[Source material]
(* Consider the post-withdrawal-lock phase of the following crowdsale protocol, run in discrete blocks $s = t, t+1, \dots, u$. At every moment the state is a finite set of \emph{active} bids, each bid $A$ having a current amount $v(A) > 0$ and a personal cap $c(A) > 0$; the \emph{valuation} is $V = \sum_{A \text{ active}} v(A)$ (with $V = 0$ if there are no active bids). The set of active bids present at the start of block $t$ is arbitrary (any finite set of bids with positive amounts and positive caps). In each block $s$ with $t \le s \le u$ the protocol performs: Step 1 (receive bids): any finite number of new bids arrive one after another; each new bid $A$ has an amount $v(A) > 0$ and a cap $c(A)$ satisfying $c(A) > V$, where $V$ is the valuation at the moment of its arrival; it is then added to the active set. Step 3 (automatic withdrawals): while there is an active bid $B$ with $V > c(B)$, repeat: let $m = \min\{c(A) : A \text{ active}\}$, let $B_1, \dots, B_k$ be all active bids with $c(B_i) = m$, and let $S = \sum_{i=1}^k v(B_i)$. If $V - S \ge m$, all of $B_1, \dots, B_k$ are refunded in full and removed from the active set. Otherwise, with $q = (V - m)/S$, each $v(B_i)$ is replaced by $(1-q)\, v(B_i)$ (these bids remain active), so that the valuation becomes exactly $m$. The valuation $V$ is recomputed after each iteration. Let $V_s$ denote the valuation at the end of block $s$ (after Step 3). Then for every block $s$ with $t < s \le u$, one has $V_s \ge V_{s-1}$; that is, after the withdrawal lock time $t$ the crowdsale valuation is monotonically non-decreasing, regardless of which bids buyers submit.
   Context: This models an interactive coin offering smart contract after the "withdrawal lock" time $t$ (no voluntary withdrawals are allowed after $t$). A bid's personal cap $c(A)$ is the maximum total sale valuation at which its owner is willing to participate; if the valuation exceeds it, the bid is (fully or partially) refunded by the automatic-withdrawal step described in the claim. Only active bids count toward the valuation $V$. *)

theory Defs
  imports Complex_Main "HOL-Library.Multiset"
begin

text \<open>A bid is a pair (amount v, personal cap c). The active bids form a finite
multiset of bids (distinct bids may carry identical amount and cap).\<close>
type_synonym bid = "real \<times> real"
type_synonym state = "bid multiset"

definition amount :: "bid \<Rightarrow> real" where "amount b = fst b"
definition cap :: "bid \<Rightarrow> real" where "cap b = snd b"

definition valuation :: "state \<Rightarrow> real" where
  "valuation M = (\<Sum>b\<in>#M. amount b)"

definition valid_state :: "state \<Rightarrow> bool" where
  "valid_state M \<longleftrightarrow> (\<forall>b\<in>#M. amount b > 0 \<and> cap b > 0)"

definition receive_bid :: "state \<Rightarrow> state \<Rightarrow> bool" where
  "receive_bid M M' \<longleftrightarrow>
     (\<exists>v c. v > 0 \<and> c > valuation M \<and> M' = add_mset (v, c) M)"

definition withdraw_iter :: "state \<Rightarrow> state \<Rightarrow> bool" where
  "withdraw_iter M M' \<longleftrightarrow>
     (\<exists>b\<in>#M. valuation M > cap b) \<and>
     (let m = Min (cap ` set_mset M);
          Bs = filter_mset (\<lambda>b. cap b = m) M;
          S = valuation Bs;
          V = valuation M
      in if V - S \<ge> m then M' = M - Bs
         else (let q = (V - m) / S in
               M' = image_mset (\<lambda>b. if cap b = m then ((1 - q) * amount b, cap b) else b) M))"

definition withdraw_all :: "state \<Rightarrow> state \<Rightarrow> bool" where
  "withdraw_all M M' \<longleftrightarrow>
     withdraw_iter\<^sup>*\<^sup>* M M' \<and> \<not> (\<exists>b\<in>#M'. valuation M' > cap b)"

definition block :: "state \<Rightarrow> state \<Rightarrow> bool" where
  "block M M' \<longleftrightarrow> (\<exists>M1. receive_bid\<^sup>*\<^sup>* M M1 \<and> withdraw_all M1 M')"

end

theory Submission
  imports Defs
begin

text \<open>At the end of a block no active bid has cap below the valuation V. Hence at the start
of the next block every cap is at least V, and the valuation is V. Both facts stay true during
the block: an arriving bid raises the valuation and has cap above it, and an automatic withdrawal
only removes or shrinks bids, never creates caps, and leaves the valuation at least the smallest
active cap. So the valuation at the end of the block is again at least V.\<close>

lemma valuation_union [simp]: "valuation (A + B) = valuation A + valuation B"
  unfolding valuation_def by simp

lemma valuation_add_mset [simp]: "valuation (add_mset b M) = amount b + valuation M"
  unfolding valuation_def by simp

lemma valuation_filter_mset_split:
  "valuation M = valuation (filter_mset P M) + valuation (filter_mset (\<lambda>b. \<not> P b) M)"
  by (metis multiset_partition valuation_union)

lemma withdraw_iter_caps_subset:
  assumes "withdraw_iter M M'"
  shows "cap ` set_mset M' \<subseteq> cap ` set_mset M"
  using assms unfolding withdraw_iter_def Let_def
  by (auto split: if_splits dest: in_diffD simp: cap_def) force

lemma withdraw_iter_valuation_ge_Min_cap:
  assumes "withdraw_iter M M'"
  shows "Min (cap ` set_mset M) \<le> valuation M'"
proof -
  define m where "m = Min (cap ` set_mset M)"
  define Bs where "Bs = filter_mset (\<lambda>b. cap b = m) M"
  define Rest where "Rest = filter_mset (\<lambda>b. cap b \<noteq> m) M"
  define S where "S = valuation Bs"
  define V where "V = valuation M"
  obtain b where b: "b \<in># M" "cap b < V"
    using assms unfolding withdraw_iter_def V_def by blast
  have "m \<le> cap b"
    unfolding m_def using b by (intro Min_le) auto
  with b have m_lt_V: "m < V" by simp
  have V_split: "V = S + valuation Rest"
    unfolding V_def S_def Bs_def Rest_def by (rule valuation_filter_mset_split)
  have step: "if V - S \<ge> m then M' = M - Bs
      else M' = image_mset (\<lambda>b. if cap b = m then ((1 - (V - m) / S) * amount b, cap b) else b) M"
    using assms unfolding withdraw_iter_def Let_def m_def Bs_def S_def V_def by auto
  show ?thesis
  proof (cases "V - S \<ge> m")
    case True
    have "M - Bs = Rest"
      unfolding Bs_def Rest_def by (metis add_diff_cancel_left' multiset_partition)
    with True step have "valuation M' = V - S"
      using V_split by simp
    with True show ?thesis unfolding m_def by simp
  next
    case False
    define q where "q = (V - m) / S"
    define f where "f = (\<lambda>b. if cap b = m then ((1 - q) * amount b, cap b) else b)"
    have M': "M' = image_mset f M"
      using step False unfolding q_def f_def by simp
    have S_pos: "S > 0"
      using False m_lt_V by simp
    have "valuation (image_mset f Bs) = (\<Sum>b\<in>#Bs. (1 - q) * amount b)"
      unfolding valuation_def Bs_def f_def image_mset.compositionality comp_def
      by (intro arg_cong[where f = sum_mset] image_mset_cong) (auto simp: amount_def)
    also have "\<dots> = (1 - q) * S"
      unfolding S_def valuation_def by (simp add: sum_mset_distrib_left)
    finally have "valuation (image_mset f Bs) = (1 - q) * S" .
    moreover have "image_mset f Rest = Rest"
      unfolding Rest_def f_def by (induction M) auto
    moreover have "image_mset f M = image_mset f Bs + image_mset f Rest"
      unfolding Bs_def Rest_def by (metis image_mset_union multiset_partition)
    ultimately have "valuation M' = (1 - q) * S + (V - S)"
      using M' V_split by simp
    also have "\<dots> = m"
      using S_pos unfolding q_def by (simp add: field_simps)
    finally show ?thesis unfolding m_def by simp
  qed
qed

definition above_floor :: "real \<Rightarrow> state \<Rightarrow> bool" where
  "above_floor V0 M \<longleftrightarrow> (\<forall>b\<in>#M. V0 \<le> cap b) \<and> V0 \<le> valuation M"

lemma receive_bid_above_floor:
  assumes "receive_bid M M'" and "above_floor V0 M"
  shows "above_floor V0 M'"
  using assms unfolding receive_bid_def above_floor_def by (auto simp: amount_def cap_def)

lemma withdraw_iter_above_floor:
  assumes "withdraw_iter M M'" and "above_floor V0 M"
  shows "above_floor V0 M'"
proof -
  have caps: "\<forall>b\<in>#M. V0 \<le> cap b"
    using assms(2) unfolding above_floor_def by blast
  have "M \<noteq> {#}"
    using assms(1) unfolding withdraw_iter_def by auto
  then have "V0 \<le> Min (cap ` set_mset M)"
    using caps by (subst Min_ge_iff) auto
  also have "\<dots> \<le> valuation M'"
    using assms(1) by (rule withdraw_iter_valuation_ge_Min_cap)
  finally have "V0 \<le> valuation M'" .
  moreover have "\<forall>b\<in>#M'. V0 \<le> cap b"
    using caps withdraw_iter_caps_subset[OF assms(1)] by fastforce
  ultimately show ?thesis
    unfolding above_floor_def by blast
qed

lemma rtranclp_preserves_above_floor:
  assumes "above_floor V0 M" and "r\<^sup>*\<^sup>* M M'"
    and "\<And>N N'. r N N' \<Longrightarrow> above_floor V0 N \<Longrightarrow> above_floor V0 N'"
  shows "above_floor V0 M'"
  using assms(2,1) by (induction rule: rtranclp_induct) (use assms(3) in blast)+

lemma block_valuation_mono:
  assumes "\<forall>b\<in>#M. valuation M \<le> cap b" and "block M M'"
  shows "valuation M \<le> valuation M'"
proof -
  obtain M1 where arrivals: "receive_bid\<^sup>*\<^sup>* M M1" and withdrawals: "withdraw_iter\<^sup>*\<^sup>* M1 M'"
    using assms(2) unfolding block_def withdraw_all_def by blast
  have "above_floor (valuation M) M"
    using assms(1) unfolding above_floor_def by simp
  then have "above_floor (valuation M) M1"
    using arrivals receive_bid_above_floor by (rule rtranclp_preserves_above_floor)
  then have "above_floor (valuation M) M'"
    using withdrawals withdraw_iter_above_floor by (rule rtranclp_preserves_above_floor)
  then show ?thesis
    unfolding above_floor_def by blast
qed

lemma block_caps_ge_valuation:
  assumes "block M M'"
  shows "\<forall>b\<in>#M'. valuation M' \<le> cap b"
  using assms unfolding block_def withdraw_all_def by (auto simp: not_less)

theorem mainTheorem1:
  fixes init :: state and X :: "nat \<Rightarrow> state" and t u :: nat
  assumes "valid_state init"
    and "block init (X t)"
    and "\<And>s. t < s \<Longrightarrow> s \<le> u \<Longrightarrow> block (X (s - 1)) (X s)"
  shows "\<forall>s. t < s \<and> s \<le> u \<longrightarrow> valuation (X s) \<ge> valuation (X (s - 1))"
proof (intro allI impI)
  fix s assume s: "t < s \<and> s \<le> u"
  have "\<exists>M. block M (X (s - 1))"
  proof (cases "s - 1 = t")
    case True
    then show ?thesis using assms(2) by auto
  next
    case False
    then have "block (X (s - 1 - 1)) (X (s - 1))"
      using s by (intro assms(3)) auto
    then show ?thesis by blast
  qed
  then have "\<forall>b\<in>#X (s - 1). valuation (X (s - 1)) \<le> cap b"
    using block_caps_ge_valuation by blast
  then show "valuation (X s) \<ge> valuation (X (s - 1))"
    using block_valuation_mono assms(3) s by blast
qed

end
[/Source material]
- [What the exercise asks]
Using the records above, copy exactly the lines from the one containing "valuation M' \<le>" through the last, inclusive, and nothing else.

- [Written answer]
  shows "\<forall>b\<in>#M'. valuation M' \<le> cap b"
  using assms unfolding block_def withdraw_all_def by (auto simp: not_less)

theorem mainTheorem1:
  fixes init :: state and X :: "nat \<Rightarrow> state" and t u :: nat
  assumes "valid_state init"
    and "block init (X t)"
    and "\<And>s. t < s \<Longrightarrow> s \<le> u \<Longrightarrow> block (X (s - 1)) (X s)"
  shows "\<forall>s. t < s \<and> s \<le> u \<longrightarrow> valuation (X s) \<ge> valuation (X (s - 1))"
proof (intro allI impI)
  fix s assume s: "t < s \<and> s \<le> u"
  have "\<exists>M. block M (X (s - 1))"
  proof (cases "s - 1 = t")
    case True
    then show ?thesis using assms(2) by auto
  next
    case False
    then have "block (X (s - 1 - 1)) (X (s - 1))"
      using s by (intro assms(3)) auto
    then show ?thesis by blast
  qed
  then have "\<forall>b\<in>#X (s - 1). valuation (X (s - 1)) \<le> cap b"
    using block_caps_ge_valuation by blast
  then show "valuation (X s) \<ge> valuation (X (s - 1))"
    using block_valuation_mono assms(3) s by blast
qed

end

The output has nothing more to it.